William Holman Hunt. El despertar de la conciencia, 1853. Tate Gallery
William Holman Hunt. El despertar de la conciencia, 1853. Tate Gallery

Ese recuerdo se despierta en ella precisamente al oír la canción de cuna que su amante entona al piano. Al recordar ese estado de inocencia perdida, Miller se levanta del regazo de su amante liberándose de él. Aunque la obra causó escándalo entre el público conservador al reconocerse una prostituta real y, además, retratada como tal, si la comparamos con la Olympia de Manet (también protagonizada por una prostituta real y no por una modelo actuando como tal), veremos que Hunt evita la confrontación directa del asunto para tratarlo mediante símbolos (identifica a la mujer con el pájaro enjaulado), como si fuera una alegoría.

Muy distinta es la posición de Ford Madox Brown, un artista que, aunque muy relacionado con la Hermandad, viajó por Italia recibiendo la influencia directa de los nazarenos y estudió en Bélgica empapándose de un realismo menos moralista y simbolista. En Tome su hijo, Señor, denuncia abiertamente la explotación de la mujer. La de esta imagen ya no es una víctima sino una denunciante y, como tal, saca de sus ropas un niño que no esconde y por el que pide responsabilidades al padre, que pretende evadirse y al que vemos reflejado en el espejo. El incipiente feminismo que reclamaba el derecho al divorcio y al voto político quedaba de manifiesto en estas obras.
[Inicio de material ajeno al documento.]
definition maximal_sub :: "('r,'c) ring_scheme \<Rightarrow> ('a,'m) ring_scheme \<Rightarrow> ('a \<Rightarrow> 'r \<Rightarrow> 'a) \<Rightarrow> 'a set \<Rightarrow> bool" where
  "maximal_sub R M act K \<longleftrightarrow> submod R M act K \<and> K \<noteq> carrier M \<and>
     (\<forall>L. submod R M act L \<and> K \<subseteq> L \<longrightarrow> L = K \<or> L = carrier M)"

text \<open>Jacobson radical: intersection of all maximal submodules (= M if there are none).\<close>
definition Rad :: "('r,'c) ring_scheme \<Rightarrow> ('a,'m) ring_scheme \<Rightarrow> ('a \<Rightarrow> 'r \<Rightarrow> 'a) \<Rightarrow> 'a set" where
  "Rad R M act = {x \<in> carrier M. \<forall>K. maximal_sub R M act K \<longrightarrow> x \<in> K}"

definition direct_summand :: "('r,'c) ring_scheme \<Rightarrow> ('a,'m) ring_scheme \<Rightarrow> ('a \<Rightarrow> 'r \<Rightarrow> 'a) \<Rightarrow> 'a set \<Rightarrow> bool" where
  "direct_summand R M act D \<longleftrightarrow> submod R M act D \<and>
     (\<exists>D'. submod R M act D' \<and> msum M D D' = carrier M \<and> D \<inter> D' = {\<zero>\<^bsub>M\<^esub>})"

definition cyclic_sub :: "('r,'c) ring_scheme \<Rightarrow> ('a \<Rightarrow> 'r \<Rightarrow> 'a) \<Rightarrow> 'a \<Rightarrow> 'a set" where
  "cyclic_sub R act x = {act x r | r. r \<in> carrier R}"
Con Dante Gabriel Rossetti, el naturalismo de los prerrafaelitas dejó paso al simbolismo. Hijo de un emigrante italiano especializado en la obra de Dante, el artista siguió la tradición del poeta-pintor que antes había desarrollado Blake. Como erudito que fue, manejó el lenguaje simbólico de los colores, las flores, las plantas y, en especial, los textos literarios tardomedievales, como La Divina Comedia de Dante y La muerte del rey Arturo de Thomas Malory. En Dante encontró a Beatriz, el modelo de mujer bajo el que pintó varias veces a su esposa Elisabeth Siddal; en Malory halló historias de personajes legendarios cuyas experiencias mágicas se resolvían casi siempre en lugares no físicos. Su predilección por este tipo de temas se corresponde coherentemente con una técnica a base de planos compuestos a modo de collage que anula toda su ilusión de profundidad, pero, curiosamente, más que remontarnos a una época pasada, su concepto del cuadro como una superficie que se extiende sin penetrar nos remite al futuro de la historia del arte, pues en él vemos el origen del espacio planimétrico que caracterizará la obra de Klimt y otros artistas de fin de siglo.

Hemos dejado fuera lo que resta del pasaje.